Test group Dosage Cholesterol (mg / ml) Arteriosclerosis index Total cholesterol HDL LDL VLDL Normal - 73.6 ± 4.87 ^a 38.2 ± 3.46 ^a 19.8 ± 3.03 ^e 17.9 ± 2.75 ^d 0.92 ± 0.08 ^a Control - 239.2 ± 6.49 ^b 29.8 ± 2.11 ^b 180.7 ± 6.97 ^a 31.0 ± 5.08 ^a 4.00 ± 0.77 ^b 6 Ethanol Extracts 0.1g 223.7 ± 5.49 ^c 31.6 ± 1.98 ^{b, c} 167.8 ± 5.73 ^b 25.7 ± 2.96 ^b 2.91 ± 0.19 ^c 9 Ethanol Extracts 0.1g 101.7 ± 6.73 ^d 35.9 ± 2.09 ^{a, c} 48.8 ± 2.76 ^c 23.4 ± 3.48 ^{b, c} 1.83 ± 0.13 ^d 18 Ethanol Extracts 0.1g 98.4 ± 8.28 ^d 33.2 ± 1.87 ^{b, c} 40.9 ± 1.69 ^d 21.0 ± 2.53 ^{c, d} 1.96 ± 0.10 ^d CSR (Cholestylamine) 100mg / kg 80.7 ± 5.23 ^a 36.1 ± 3.20 ^{a, c} 19.7 ± 1.74 ^e 17.6 ± 2.64 ^d 1.23 ± 0.15 ^{a 1)} Mean ± standard deviation (n = 8). ^{a, b, c, e, f} Duncan's multiple range test indicates no significance (p <0.05).

** The quantity indicated above is the weight calculated for each herbal medicine itself.

As shown in Table 6, cholesterol content and arteriosclerosis index were increased in the hyperlipidemia-induced control group with cholesterol ester and decreased when the 9 and 18 extracts were administered. The effect was greatest in CSR, but similarly decreased in 9 and 18 extracts. In the six extracts, which had little inhibitory effect in vitro , the cholesterol content was similar to that of the control group, and there was a slight decrease in the atherosclerotic index.

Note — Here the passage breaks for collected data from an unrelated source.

(* Every $g=(A,v)\in\mathrm{Aff}(n,\mathbb{C})$ with $|\det A|=1$ is a product of at most four coninvolutions in $\mathrm{Aff}(n,\mathbb{C})$.
   Context: $\mathrm{Aff}(n,\mathbb{C})$ is the group of affine maps $z\mapsto Az+v$ of $\mathbb{C}^n$, written $g=(A,v)$ with $A\in\mathrm{GL}(n,\mathbb{C})$, $v\in\mathbb{C}^n$; the product is composition, $(A,v)(B,w)=(AB,Aw+v)$, and the identity is $e=(I_n,0)$. For $g=(A,v)$ set $\overline{g}=(\overline{A},\overline{v})$ (entrywise complex conjugation). An element $h$ is a coninvolution if $h\overline{h}=e$. *)

theory Defs
  imports "HOL-Analysis.Analysis"
begin

text \<open>Elements of Aff(n,C): pairs (A, v) with A an invertible complex n x n matrix
  and v a vector in C^n, representing z \<mapsto> A z + v. The dimension n is CARD('n).\<close>

type_synonym 'n aff = "(complex^'n^'n) \<times> (complex^'n)"

definition in_Aff :: "'n::finite aff \<Rightarrow> bool" where
  "in_Aff g \<longleftrightarrow> invertible (fst g)"

definition aff_mult :: "'n::finite aff \<Rightarrow> 'n aff \<Rightarrow> 'n aff" where
  "aff_mult g h = (fst g ** fst h, fst g *v snd h + snd g)"

definition aff_id :: "'n::finite aff" where
  "aff_id = (mat 1, 0)"

definition aff_conj :: "'n::finite aff \<Rightarrow> 'n aff" where
  "aff_conj g = ((\<chi> i j. cnj (fst g $ i $ j)), (\<chi> i. cnj (snd g $ i)))"

definition coninvolution :: "'n::finite aff \<Rightarrow> bool" where
  "coninvolution h \<longleftrightarrow> aff_mult h (aff_conj h) = aff_id"

end

(*
  Put A = S J S^-1 with J in Jordan form. As |det A| = 1, the diagonal d of J can be split as
  d_k = delta_k c_k such that delta_k never equals 1, c takes distinct values wherever d takes equal
  ones, and both diag delta and diag c are products of two coninvolutory matrices: their entries
  come in pairs a, 1/conj a up to unimodular fixed points, so diag f = P (P diag f) for a
  permutation matrix P. Then J = diag delta * M with M bidiagonal with diagonal c; the c_k being
  distinct within every Jordan block, M = V diag c V^-1 for an upper unitriangular V, and
  W |-> V W conj(V)^-1 preserves coninvolutory matrices. Hence A = X Y with X, Y products of two
  coninvolutory matrices and I - X invertible; solving (I - X) t = v places the translation v into
  the first two of the four affine coninvolutions.

  For the split, the entries of modulus different from 1 are listed with the moduli > 1 first and
  the factors are read off the recursion a_(p+1) = d_p conj(a_p): the moduli of the a_p are the
  partial products of the |d_p|, which rise and then fall back to 1, so they exceed 1 in between.
*)
theory Submission
  imports Defs "Jordan_Normal_Form.Jordan_Normal_Form_Existence"
begin

hide_const (open) Determinant.det Matrix.mat
no_notation Matrix.vec_index (infixl \<open>$\<close> 100)

section \<open>Coninvolutory matrices and affine coninvolutions\<close>

definition mat_cnj :: "complex^'m^'n \<Rightarrow> complex^'m^'n" where
  "mat_cnj X = (\<chi> i j. cnj (X $ i $ j))"

definition vec_cnj :: "complex^'n \<Rightarrow> complex^'n" where
  "vec_cnj x = (\<chi> i. cnj (x $ i))"

lemma mat_cnj_mult: "mat_cnj (X ** Y) = mat_cnj X ** mat_cnj Y"
  by (simp add: mat_cnj_def matrix_matrix_mult_def Finite_Cartesian_Product.vec_eq_iff)

lemma mat_cnj_mat_1 [simp]: "mat_cnj (mat 1) = mat 1"
  by (simp add: mat_cnj_def Finite_Cartesian_Product.mat_def Finite_Cartesian_Product.vec_eq_iff)

lemma mat_cnj_cnj [simp]: "mat_cnj (mat_cnj X) = X"
  by (simp add: mat_cnj_def Finite_Cartesian_Product.vec_eq_iff)

lemma vec_cnj_mult: "vec_cnj (X *v x) = mat_cnj X *v vec_cnj x"
  by (simp add: vec_cnj_def mat_cnj_def matrix_vector_mult_def Finite_Cartesian_Product.vec_eq_iff)

lemma vec_cnj_diff: "vec_cnj (x - y) = vec_cnj x - vec_cnj y"
  by (simp add: vec_cnj_def Finite_Cartesian_Product.vec_eq_iff)

lemma vec_cnj_0 [simp]: "vec_cnj 0 = 0"
  by (simp add: vec_cnj_def Finite_Cartesian_Product.vec_eq_iff)

lemma vec_cnj_cnj [simp]: "vec_cnj (vec_cnj x) = x"
  by (simp add: vec_cnj_def Finite_Cartesian_Product.vec_eq_iff)

lemma aff_conj_eq: "aff_conj (C, w) = (mat_cnj C, vec_cnj w)"
  by (simp add: aff_conj_def mat_cnj_def vec_cnj_def)

lemma aff_mult_assoc: "aff_mult (aff_mult g h) k = aff_mult g (aff_mult h k)"
  by (simp add: aff_mult_def matrix_mul_assoc matrix_vector_mul_assoc matrix_vector_right_distrib
      add.assoc)

lemma aff_mult_id_right [simp]: "aff_mult g aff_id = g"
  by (simp add: aff_mult_def aff_id_def)

definition coninvolutory :: "complex^'n^'n \<Rightarrow> bool" where
  "coninvolutory W \<longleftrightarrow> W ** mat_cnj W = mat 1"

lemma coninvolutory_invertible: "coninvolutory W \<Longrightarrow> invertible W"
  unfolding coninvolutory_def using invertible_right_inverse by blast

lemma coninvolutory_consimilar:
  fixes S T W :: "complex^'n::finite^'n"
  assumes "S ** T = mat 1" and "coninvolutory W"
  shows "coninvolutory (S ** W ** mat_cnj T)"
proof -
  have "T ** S = mat 1" using assms(1) matrix_left_right_inverse by blast
  then have inv: "mat_cnj T ** mat_cnj S = mat 1" by (metis mat_cnj_mult mat_cnj_mat_1)
  have "(S ** W ** mat_cnj T) ** mat_cnj (S ** W ** mat_cnj T)
      = S ** W ** (mat_cnj T ** mat_cnj S) ** mat_cnj W ** T"
    by (simp add: mat_cnj_mult matrix_mul_assoc)
  also have "\<dots> = S ** (W ** mat_cnj W) ** T" by (simp add: inv matrix_mul_assoc)
  finally show ?thesis using assms by (simp add: coninvolutory_def)
qed

definition coninvolutory_product :: "complex^'n^'n \<Rightarrow> bool" where
  "coninvolutory_product X \<longleftrightarrow> (\<exists>W1 W2. coninvolutory W1 \<and> coninvolutory W2 \<and> X = W1 ** W2)"

lemma coninvolutory_product_similar:
  fixes S T X :: "complex^'n::finite^'n"
  assumes "S ** T = mat 1" and "coninvolutory_product X"
  shows "coninvolutory_product (S ** X ** T)"
proof -
  obtain W1 W2 where W: "coninvolutory W1" "coninvolutory W2" "X = W1 ** W2"
    using assms(2) by (auto simp: coninvolutory_product_def)
  have "T ** S = mat 1" using assms(1) matrix_left_right_inverse by blast
  then have inv: "mat_cnj T ** mat_cnj S = mat 1" by (metis mat_cnj_mult mat_cnj_mat_1)
  have cnj_ST: "mat_cnj S ** mat_cnj T = mat 1" by (metis assms(1) mat_cnj_mult mat_cnj_mat_1)
  have "S ** X ** T = S ** W1 ** (mat_cnj T ** mat_cnj S) ** W2 ** T"
    by (simp add: W(3) inv matrix_mul_assoc)
  also have "\<dots> = (S ** W1 ** mat_cnj T) ** (mat_cnj S ** W2 ** mat_cnj (mat_cnj T))"
    by (simp add: matrix_mul_assoc)
  finally show ?thesis unfolding coninvolutory_product_def
    using coninvolutory_consimilar[OF assms(1) W(1)] coninvolutory_consimilar[OF cnj_ST W(2)]
    by blast
qed

lemma coninvolution_iff:
  "coninvolution (C, w) \<longleftrightarrow> coninvolutory C \<and> C *v vec_cnj w + w = 0"
  by (auto simp: coninvolution_def coninvolutory_def aff_conj_eq aff_mult_def aff_id_def)

text \<open>The conjugate of the linear coninvolution \<open>(C, 0)\<close> by the translation by \<open>t\<close>.\<close>
lemma coninvolution_shift:
  assumes "coninvolutory C"
  shows "coninvolution (C, t - C *v vec_cnj t)"
  using assms unfolding coninvolution_iff coninvolutory_def
  by (simp add: vec_cnj_diff vec_cnj_mult matrix_vector_mult_diff_distrib matrix_vector_mul_assoc)

lemma coninvolution_in_Aff: "coninvolution h \<Longrightarrow> in_Aff h"
  by (cases h) (simp add: coninvolution_iff in_Aff_def coninvolutory_invertible)

lemma coninvolution_pair_with_translation:
  assumes "coninvolutory_product X" and "invertible (mat 1 - X)"
  shows "\<exists>h1 h2. coninvolution h1 \<and> coninvolution h2 \<and> aff_mult h1 h2 = (X, v)"
proof -
  obtain C1 C2 where C: "coninvolutory C1" "coninvolutory C2" "X = C1 ** C2"
    using assms(1) by (auto simp: coninvolutory_product_def)
  obtain B where B: "(mat 1 - X) ** B = mat 1"
    using assms(2) invertible_right_inverse by blast
  define t where "t = B *v v"
  have "aff_mult (C1, t - C1 *v vec_cnj t) (C2, vec_cnj t - C2 *v vec_cnj (vec_cnj t))
      = (X, (mat 1 - X) *v t)"
    by (simp add: aff_mult_def C(3) matrix_vector_mult_diff_distrib matrix_vector_mult_diff_rdistrib
        matrix_vector_mul_assoc)
  also have "(mat 1 - X) *v t = v" by (simp add: t_def matrix_vector_mul_assoc B)
  finally show ?thesis using coninvolution_shift C by blast
qed

lemma aff_four_coninvolutions:
  assumes "coninvolutory_product X" and "coninvolutory_product Y" and "invertible (mat 1 - X)"
  shows "\<exists>hs :: 'n::finite aff list. length hs \<le> 4 \<and>
           (\<forall>h\<in>set hs. in_Aff h \<and> coninvolution h) \<and> foldr aff_mult hs aff_id = (X ** Y, v)"
proof -
  obtain h1 h2 where h12: "coninvolution h1" "coninvolution h2" "aff_mult h1 h2 = (X, v)"
    using coninvolution_pair_with_translation assms(1,3) by blast
  obtain C3 C4 where C: "coninvolutory C3" "coninvolutory C4" "Y = C3 ** C4"
    using assms(2) by (auto simp: coninvolutory_product_def)
  have h34: "coninvolution (C3, 0)" "coninvolution (C4, 0)"
    using C by (simp_all add: coninvolution_iff)
  have "foldr aff_mult [h1, h2, (C3, 0), (C4, 0)] aff_id = aff_mult (aff_mult h1 h2) (C3 ** C4, 0)"
    by (simp add: aff_mult_assoc) (simp add: aff_mult_def)
  also have "\<dots> = (X ** Y, v)" unfolding h12(3) C(3) by (simp add: aff_mult_def)
  finally show ?thesis
    using h12 h34
    by (intro exI[of _ "[h1, h2, (C3, 0), (C4, 0)]"]) (auto intro: coninvolution_in_Aff)
qed

section \<open>Matrices indexed by natural numbers\<close>

definition cart_index :: "'n::finite \<Rightarrow> nat" where
  "cart_index = (SOME h. bij_betw h UNIV {..<CARD('n)})"

lemma bij_cart_index: "bij_betw (cart_index :: 'n::finite \<Rightarrow> nat) UNIV {..<CARD('n)}"
proof -
  have "\<exists>h :: 'n \<Rightarrow> nat. bij_betw h UNIV {..<CARD('n)}"
    using ex_bij_betw_finite_nat[of "UNIV :: 'n set"] by (auto simp: atLeast0LessThan)
  then show ?thesis unfolding cart_index_def by (rule someI_ex)
qed

lemma cart_index_less [simp]: "cart_index (i :: 'n::finite) < CARD('n)"
  using bij_cart_index[where 'n='n] by (auto simp: bij_betw_def)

The extract of the present invention inhibits the activity of pCEH, which mediates the degradation and absorption of dietary cholesterol in the small intestine, thereby preventing the absorption of dietary cholesterol in the body and is useful for the prevention and treatment of cardiovascular diseases including atherosclerosis.

Claims (5)

A composition for the prevention and treatment of atherosclerosis or hyperlipidemia comprising an effective amount of an herbal extract consisting of cinnamon, tofu, thick pepper, yellowish white, sesame oil, nutmeg, ephedra, mint and safflower as an active ingredient and a pharmaceutically acceptable carrier. The method of claim 1, The composition of the composition for preventing and treating atherosclerosis or hyperlipidemia, characterized in that it further comprises a purpose, baekryeop, thawed blood, turmeric, turmeric, rare, pagoji, Yanggang and fruiting. delete delete The method according to claim 1 or 2, A composition for preventing and treating atherosclerosis or hyperlipidemia, wherein the effective amount of the herbal extract is 0.01 g to 5 g / kg body weight / day.